━━━ Data ━━━

(* Let $H$ be a complex Hilbert space and let $\varphi_n,\psi_n\in C[0,1]$ ($n\ge1$) be real-valued with $\varphi_n\to1$ and $\psi_n\to0$ (pointwise on $[0,1]$) as $n\to\infty$. Then for every $t\in[0,1]$, $\lim_{n\to\infty}n_t(\varphi_n,\psi_n;H)=\frac12$.
   Context: $S_1(H)$ is the unit sphere of $H$; for real $\varphi,\psi$ on $[0,1]$, $\omega_t(\varphi,\psi;A)=\sup_{x\in S_1(H)}|\langle(\varphi(t)A+\psi(t)A^* )x,x\rangle|$, and the weighted numerical index is $n_t(\varphi,\psi;H)=\inf\{\omega_t(\varphi,\psi;A):A\in\mathbb{B}(H),\ \|A\|=1\}$. *)

theory Defs
  imports "HOL-Analysis.Analysis"
begin

text \<open>The library only provides real inner product spaces, so we
introduce a type class of complex Hilbert spaces: a real Banach space carrying a complex
scalar multiplication compatible with the real one, and a complex inner product (linear in
the first argument, conjugate symmetric, positive definite) inducing the norm.\<close>

class chilbert_space = banach +
  fixes scaleC :: "complex \<Rightarrow> 'a \<Rightarrow> 'a"
  fixes cinner :: "'a \<Rightarrow> 'a \<Rightarrow> complex"
  assumes scaleC_add_right: "scaleC a (x + y) = scaleC a x + scaleC a y"
  and scaleC_add_left: "scaleC (a + b) x = scaleC a x + scaleC b x"
  and scaleC_scaleC: "scaleC a (scaleC b x) = scaleC (a * b) x"
  and scaleC_one: "scaleC 1 x = x"
  and scaleR_scaleC: "scaleR r x = scaleC (complex_of_real r) x"
  and cinner_commute: "cinner x y = cnj (cinner y x)"
  and cinner_add_left: "cinner (x + y) z = cinner x z + cinner y z"
  and cinner_scaleC_left: "cinner (scaleC a x) y = a * cinner x y"
  and cinner_self_real: "Im (cinner x x) = 0"
  and cinner_self_nonneg: "0 \<le> Re (cinner x x)"
  and cinner_self_eq_zero: "cinner x x = 0 \<longleftrightarrow> x = 0"
  and norm_eq_sqrt_cinner: "norm x = sqrt (Re (cinner x x))"

definition bounded_clinear :: "('a::chilbert_space \<Rightarrow> 'a) \<Rightarrow> bool" where
  "bounded_clinear A \<longleftrightarrow> bounded_linear A \<and> (\<forall>c x. A (scaleC c x) = scaleC c (A x))"

text \<open>Hilbert space adjoint (unique by nondegeneracy; exists by Riesz).\<close>
definition cadjoint :: "('a::chilbert_space \<Rightarrow> 'a) \<Rightarrow> ('a \<Rightarrow> 'a)" where
  "cadjoint A = (SOME B. \<forall>x y. cinner (A x) y = cinner x (B y))"

definition weighted_numerical_radius ::
  "(real \<Rightarrow> real) \<Rightarrow> (real \<Rightarrow> real) \<Rightarrow> real \<Rightarrow> ('a::chilbert_space \<Rightarrow> 'a) \<Rightarrow> real" where
  "weighted_numerical_radius \<phi> \<psi> t A =
     (SUP x\<in>{x::'a. norm x = 1}.
        cmod (cinner (scaleR (\<phi> t) (A x) + scaleR (\<psi> t) (cadjoint A x)) x))"

definition weighted_numerical_index ::
  "'a::chilbert_space itself \<Rightarrow> (real \<Rightarrow> real) \<Rightarrow> (real \<Rightarrow> real) \<Rightarrow> real \<Rightarrow> real" where
  "weighted_numerical_index _ \<phi> \<psi> t =
     (INF A\<in>{A::'a \<Rightarrow> 'a. bounded_clinear A \<and> onorm A = 1}. weighted_numerical_radius \<phi> \<psi> t A)"

end

theory Submission
  imports Defs
begin

text \<open>Write \<open>q = \<langle>Ax, x\<rangle>\<close>. Since \<open>\<langle>A\<^sup>*x, x\<rangle> = conj q\<close>, the weighted form
\<open>\<langle>(aA + bA\<^sup>*)x, x\<rangle> = a q + b conj q\<close> has modulus between \<open>(|a| - |b|) |q|\<close> and
\<open>(|a| + |b|) |q|\<close>. By polarization \<open>\<parallel>A\<parallel> \<le> 2 w(A)\<close> for the numerical radius \<open>w\<close>, so every
\<open>A\<close> of norm one has weighted radius at least \<open>(|\<phi>(t)| - |\<psi>(t)|)/2\<close>. The rank-one operator
\<open>x \<mapsto> \<langle>x, e\<^sub>1\<rangle> e\<^sub>2\<close> with orthonormal \<open>e\<^sub>1, e\<^sub>2\<close> has norm one and numerical radius
\<open>1/2\<close>, so the index is at most \<open>(|\<phi>(t)| + |\<psi>(t)|)/2\<close>. Both bounds tend to \<open>1/2\<close>.
As the adjoint is introduced by Hilbert choice, its existence (the Riesz representation
theorem) has to be proved first.\<close>

section \<open>Algebra of the complex inner product\<close>

lemma cinner_zero_left [simp]: "cinner (0::'a::chilbert_space) y = 0"
  using cinner_add_left[of 0 0 y] by simp

lemma cinner_zero_right [simp]: "cinner (x::'a::chilbert_space) 0 = 0"
  using cinner_commute[of x 0] by simp

lemma cinner_add_right: "cinner (x::'a::chilbert_space) (y + z) = cinner x y + cinner x z"
  by (subst (1 2 3) cinner_commute) (simp add: cinner_add_left)

lemma cinner_scaleC_right: "cinner (x::'a::chilbert_space) (scaleC a y) = cnj a * cinner x y"
  by (subst (1 2) cinner_commute) (simp add: cinner_scaleC_left)

lemma cinner_minus_left: "cinner (- (x::'a::chilbert_space)) y = - cinner x y"
  using cinner_add_left[of x "- x" y] by (simp add: add_eq_0_iff)

lemma cinner_minus_right: "cinner (x::'a::chilbert_space) (- y) = - cinner x y"
  using cinner_add_right[of x y "- y"] by (simp add: add_eq_0_iff)

lemma cinner_diff_left: "cinner ((x::'a::chilbert_space) - y) z = cinner x z - cinner y z"
  unfolding diff_conv_add_uminus by (simp only: cinner_add_left cinner_minus_left)

lemma cinner_diff_right: "cinner (x::'a::chilbert_space) (y - z) = cinner x y - cinner x z"
  unfolding diff_conv_add_uminus by (simp only: cinner_add_right cinner_minus_right)

lemma cinner_scaleR_left: "cinner (scaleR r (x::'a::chilbert_space)) y = of_real r * cinner x y"
  by (simp add: scaleR_scaleC cinner_scaleC_left)

lemma cinner_scaleR_right: "cinner (x::'a::chilbert_space) (scaleR r y) = of_real r * cinner x y"
  by (simp add: scaleR_scaleC cinner_scaleC_right)

lemma cinner_self: "cinner (x::'a::chilbert_space) x = of_real ((norm x)\<^sup>2)"
  using norm_eq_sqrt_cinner[of x] cinner_self_nonneg[of x] cinner_self_real[of x]
  by (simp add: complex_eq_iff)

lemma power2_norm_eq_Re_cinner: "(norm (x::'a::chilbert_space))\<^sup>2 = Re (cinner x x)"
  by (simp add: cinner_self)

lemma power2_norm_add:
  "(norm ((x::'a::chilbert_space) + y))\<^sup>2 = (norm x)\<^sup>2 + (norm y)\<^sup>2 + 2 * Re (cinner x y)"
  using cinner_commute[of y x]
  by (simp add: power2_norm_eq_Re_cinner cinner_add_left cinner_add_right)

lemma power2_norm_diff:
  "(norm ((x::'a::chilbert_space) - y))\<^sup>2 = (norm x)\<^sup>2 + (norm y)\<^sup>2 - 2 * Re (cinner x y)"
  using cinner_commute[of y x]
  by (simp add: power2_norm_eq_Re_cinner cinner_diff_left cinner_diff_right)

━━━

§ Problem to solve: What is needed is an exact copy of the entries above, from the first line through the line holding "a (scaleC b", with both of those lines kept; please give nothing else.

§ Solution to this task:
(* Let $H$ be a complex Hilbert space and let $\varphi_n,\psi_n\in C[0,1]$ ($n\ge1$) be real-valued with $\varphi_n\to1$ and $\psi_n\to0$ (pointwise on $[0,1]$) as $n\to\infty$. Then for every $t\in[0,1]$, $\lim_{n\to\infty}n_t(\varphi_n,\psi_n;H)=\frac12$.
   Context: $S_1(H)$ is the unit sphere of $H$; for real $\varphi,\psi$ on $[0,1]$, $\omega_t(\varphi,\psi;A)=\sup_{x\in S_1(H)}|\langle(\varphi(t)A+\psi(t)A^* )x,x\rangle|$, and the weighted numerical index is $n_t(\varphi,\psi;H)=\inf\{\omega_t(\varphi,\psi;A):A\in\mathbb{B}(H),\ \|A\|=1\}$. *)

theory Defs
  imports "HOL-Analysis.Analysis"
begin

text \<open>The library only provides real inner product spaces, so we
introduce a type class of complex Hilbert spaces: a real Banach space carrying a complex
scalar multiplication compatible with the real one, and a complex inner product (linear in
the first argument, conjugate symmetric, positive definite) inducing the norm.\<close>

class chilbert_space = banach +
  fixes scaleC :: "complex \<Rightarrow> 'a \<Rightarrow> 'a"
  fixes cinner :: "'a \<Rightarrow> 'a \<Rightarrow> complex"
  assumes scaleC_add_right: "scaleC a (x + y) = scaleC a x + scaleC a y"
  and scaleC_add_left: "scaleC (a + b) x = scaleC a x + scaleC b x"
  and scaleC_scaleC: "scaleC a (scaleC b x) = scaleC (a * b) x"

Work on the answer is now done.